(* Under the CME setup, assume (B): there exist $\mathfrak f\in\mathcal G\otimes\mathcal H$ and $c\in\mathcal G$ with $\mathfrak m(x)=\mathfrak f(x)+c$ for $\mathbb P_X$-a.e. $x$ (this holds in particular under (A): $\mathfrak m\in\mathcal G\otimes\mathcal H$). Then the operator $C_V^\dagger C_{VU}:\mathcal G\to\mathcal H$ is everywhere defined and bounded, and $$\mathbb E[U|X]=\mu_U+(C_V^\dagger C_{VU})^*(\varphi(X)-\mu_V)\quad\text{a.s.}$$
   Context: CME setup: - $X:\Omega\to\mathcal X$ and $Y:\Omega\to\mathcal Y$ are random variables, with $\mathcal X$ a measurable space and $\mathcal Y$ a Borel space. - $k$ and $\ell$ are measurable symmetric positive definite kernels on $\mathcal X$ and $\mathcal Y$, with separable RKHSs $\mathcal H$ and $\mathcal G$ respectively. - The feature maps are $\varphi(x)=k(x,\cdot)$, which is assumed injective, and $\psi(y)=\ell(y,\cdot)$. - $V:=\varphi(X)\in L^2(\mathbb P;\mathcal H)$ and $U:=\psi(Y)\in L^2(\mathbb P;\mathcal G)$, with means $\mu_V,\mu_U$. - For $h\in\mathcal H$: $\|h\|_{\mathcal H}=0$ iff $h=0$ $\mathbb P_X$-a.e. - $\mathfrak m(x)=\mathbb E[U|X=x]\in L^2(\mathbb P_X;\mathcal G)$. - $\mathcal G\otimes\mathcal H$ is the Hilbert tensor product, viewed as functions $\mathcal X\to\mathcal G$ via $(g\otimes h)(x)=h(x)g$. - $C_{VU}=\mathbb E[(V-\mu_V)\otimes(U-\mu_U)]$ and $C_V=\mathbb E[(V-\mu_V)\otimes(V-\mu_V)]$, where $(a\otimes b)(b')=\langle b,b'\rangle a$. - $\dagger$ denotes the Moore–Penrose pseudo-inverse. *)

theory Defs
  imports "HOL-Probability.Probability"
begin

definition orthonormal_basis :: "'a::real_inner set \<Rightarrow> bool" where
  "orthonormal_basis B \<longleftrightarrow>
     (\<forall>e\<in>B. norm e = 1) \<and> (\<forall>e\<in>B. \<forall>e'\<in>B. e \<noteq> e' \<longrightarrow> inner e e' = 0) \<and>
     closure (span B) = UNIV"

text \<open>The Hilbert tensor product G (x) H is
  identified with them via  g (x) h  |->  (h' |-> <h,h'> g); under this identification
  the function  x |-> f(x)  of an element f of G (x) H is  x |-> F (phi x).\<close>
definition hilbert_schmidt :: "('h::real_inner \<Rightarrow> 'g::real_inner) \<Rightarrow> bool" where
  "hilbert_schmidt F \<longleftrightarrow> bounded_linear F \<and>
     (\<exists>B. orthonormal_basis B \<and> (\<lambda>e. (norm (F e))\<^sup>2) summable_on B)"

text \<open>Moore--Penrose pseudo-inverse of a bounded operator T (possibly unbounded,
  defined on  ran T + (ran T)^perp ): the minimal-norm least-squares solution,
  i.e. the unique x in (ker T)^perp with  T x - y  orthogonal to ran T.\<close>
definition mp_dom :: "('a::real_inner \<Rightarrow> 'b::real_inner) \<Rightarrow> 'b set" where
  "mp_dom T = {r + s | r s. r \<in> range T \<and> s \<in> orthogonal_comp (range T)}"

definition mp_inv :: "('a::real_inner \<Rightarrow> 'b::real_inner) \<Rightarrow> 'b \<Rightarrow> 'a" where
  "mp_inv T y = (THE x. x \<in> orthogonal_comp (T -` {0}) \<and> y - T x \<in> orthogonal_comp (range T))"

text \<open>Cross-covariance operator  C_AB = E[(A - mu_A) (x) (B - mu_B)],  (a (x) b) b' = <b,b'> a.\<close>
definition cross_cov ::
  "'w measure \<Rightarrow> ('w \<Rightarrow> 'a::{real_inner,banach,second_countable_topology})
     \<Rightarrow> ('w \<Rightarrow> 'b::{real_inner,banach,second_countable_topology}) \<Rightarrow> 'b \<Rightarrow> 'a" where
  "cross_cov M A B b =
     (LINT \<omega>|M. inner (B \<omega> - (LINT \<omega>'|M. B \<omega>')) b *\<^sub>R (A \<omega> - (LINT \<omega>'|M. A \<omega>')))"

text \<open>m is (a version of) x |-> E[U | X = x]: measurable and satisfying the defining
  identity E[1_A(X) U] = E[1_A(X) m(X)] for all measurable A.\<close>
definition is_cond_exp_given ::
  "'w measure \<Rightarrow> 'x measure \<Rightarrow> ('w \<Rightarrow> 'x)
     \<Rightarrow> ('w \<Rightarrow> 'g::{real_normed_vector,banach,second_countable_topology}) \<Rightarrow> ('x \<Rightarrow> 'g) \<Rightarrow> bool" where
  "is_cond_exp_given M Mx X U m \<longleftrightarrow>
     m \<in> borel_measurable Mx \<and>
     (\<forall>A\<in>sets Mx. (LINT \<omega>|M. indicator A (X \<omega>) *\<^sub>R U \<omega>) = (LINT \<omega>|M. indicator A (X \<omega>) *\<^sub>R m (X \<omega>)))"

end

theory Submission
  imports Defs
begin

text \<open>Let \<open>F\<close> be the bounded operator and \<open>c\<close> the constant of hypothesis (B), and put
  \<open>V\<^sub>0 = \<phi>(X) - \<mu>\<^sub>V\<close>. Taking means gives \<open>\<mu>\<^sub>U = F \<mu>\<^sub>V + c\<close>, so \<open>m(X) - \<mu>\<^sub>U = F V\<^sub>0\<close> a.s.
  The defining property of \<open>m\<close> lets one replace \<open>U\<close> by \<open>m(X)\<close> in \<open>C\<^sub>V\<^sub>U\<close>, whence
  \<open>C\<^sub>V\<^sub>U g = E[\<langle>F V\<^sub>0, g\<rangle> V\<^sub>0] = C\<^sub>V (F\<^sup>* g)\<close>. Thus \<open>C\<^sub>V\<^sub>U\<close> maps into the range of \<open>C\<^sub>V\<close> and
  \<open>C\<^sub>V\<^sup>\<dagger> C\<^sub>V\<^sub>U = P F\<^sup>*\<close>, with \<open>P\<close> the orthogonal projection onto \<open>(ker C\<^sub>V)\<^sup>\<bottom>\<close>; this operator is
  bounded with adjoint \<open>F P\<close>. Finally \<open>V\<^sub>0 \<in> (ker C\<^sub>V)\<^sup>\<bottom>\<close> a.s., since \<open>E[\<langle>V\<^sub>0, d\<rangle>\<^sup>2] = \<langle>C\<^sub>V d, d\<rangle> = 0\<close>
  for \<open>d \<in> ker C\<^sub>V\<close> and a countable dense subset of the kernel suffices. Hence
  \<open>(C\<^sub>V\<^sup>\<dagger> C\<^sub>V\<^sub>U)\<^sup>* V\<^sub>0 = F P V\<^sub>0 = F V\<^sub>0 = m(X) - \<mu>\<^sub>U\<close> almost surely.\<close>

section \<open>Orthogonal projections and adjoints in Hilbert spaces\<close>

lemma parallelogram_law:
  fixes a b :: "'a::real_inner"
  shows "(norm (a + b))\<^sup>2 + (norm (a - b))\<^sup>2 = 2 * (norm a)\<^sup>2 + 2 * (norm b)\<^sup>2"
  by (simp add: power2_norm_eq_inner inner_add_left inner_add_right inner_diff_left
      inner_diff_right inner_commute)

lemma convex_minimizing_sequence_Cauchy:
  fixes S :: "'a::real_inner set"
  assumes S: "convex S" and s_in: "\<And>n. s n \<in> S"
    and s_near: "\<And>n. (norm (x - s n))\<^sup>2 \<le> (infdist x S)\<^sup>2 + 1 / Suc n"
  shows "Cauchy s"
proof -
  define d where "d = infdist x S"
  \<comment> \<open>The midpoint of \<open>s m\<close> and \<open>s n\<close> lies in \<open>S\<close>, so the parallelogram law forces \<open>s m\<close> and \<open>s n\<close> together.\<close>
  have s_close: "(norm (s m - s n))\<^sup>2 \<le> 2 / Suc m + 2 / Suc n" for m n
  proof -
    have "(1/2) *\<^sub>R s m + (1/2) *\<^sub>R s n \<in> S" using s_in S by (intro convexD) auto
    then have "d \<le> norm (x - ((1/2) *\<^sub>R s m + (1/2) *\<^sub>R s n))"
      using infdist_le[of _ S x] unfolding d_def by (simp add: dist_norm)
    moreover have "(x - s m) + (x - s n) = 2 *\<^sub>R (x - ((1/2) *\<^sub>R s m + (1/2) *\<^sub>R s n))"
      by (simp add: algebra_simps scaleR_2)
    ultimately have "2 * d \<le> norm ((x - s m) + (x - s n))" by simp
    then have "(2 * d)\<^sup>2 \<le> (norm ((x - s m) + (x - s n)))\<^sup>2"
      unfolding d_def by (intro power_mono) (auto simp: infdist_nonneg)
    then have "4 * d\<^sup>2 \<le> (norm ((x - s m) + (x - s n)))\<^sup>2"
      by (simp add: power_mult_distrib)
    moreover have "(x - s m) - (x - s n) = s n - s m" by simp
    ultimately show ?thesis
      using parallelogram_law[of "x - s m" "x - s n"] s_near[of m] s_near[of n]
      by (simp add: norm_minus_commute d_def)
  qed
  show "Cauchy s"
  proof (rule metric_CauchyI)
    fix e :: real assume "e > 0"
    obtain N :: nat where N: "4 / e\<^sup>2 < N" using reals_Archimedean2 by blast
    have "dist (s m) (s n) < e" if "m \<ge> N" "n \<ge> N" for m n
    proof -
      have "2 / real (Suc m) \<le> 2 / Suc N" "2 / real (Suc n) \<le> 2 / Suc N"
        using that by (simp_all add: frac_le)
      then have "(norm (s m - s n))\<^sup>2 \<le> 4 / Suc N" using s_close[of m n] by simp
      also have "\<dots> < e\<^sup>2"
        using N \<open>e > 0\<close> by (simp add: field_simps) (smt (verit) zero_less_power)
      finally show ?thesis using \<open>e > 0\<close> by (simp add: dist_norm power_less_imp_less_base)
    qed
    then show "\<exists>M. \<forall>m\<ge>M. \<forall>n\<ge>M. dist (s m) (s n) < e" by blast
  qed
qed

» **Work order**: With "ultimately" as the search string, filter the records and return each line that has it.

» **Written solution**:
    ultimately have "2 * d \<le> norm ((x - s m) + (x - s n))" by simp
    ultimately show ?thesis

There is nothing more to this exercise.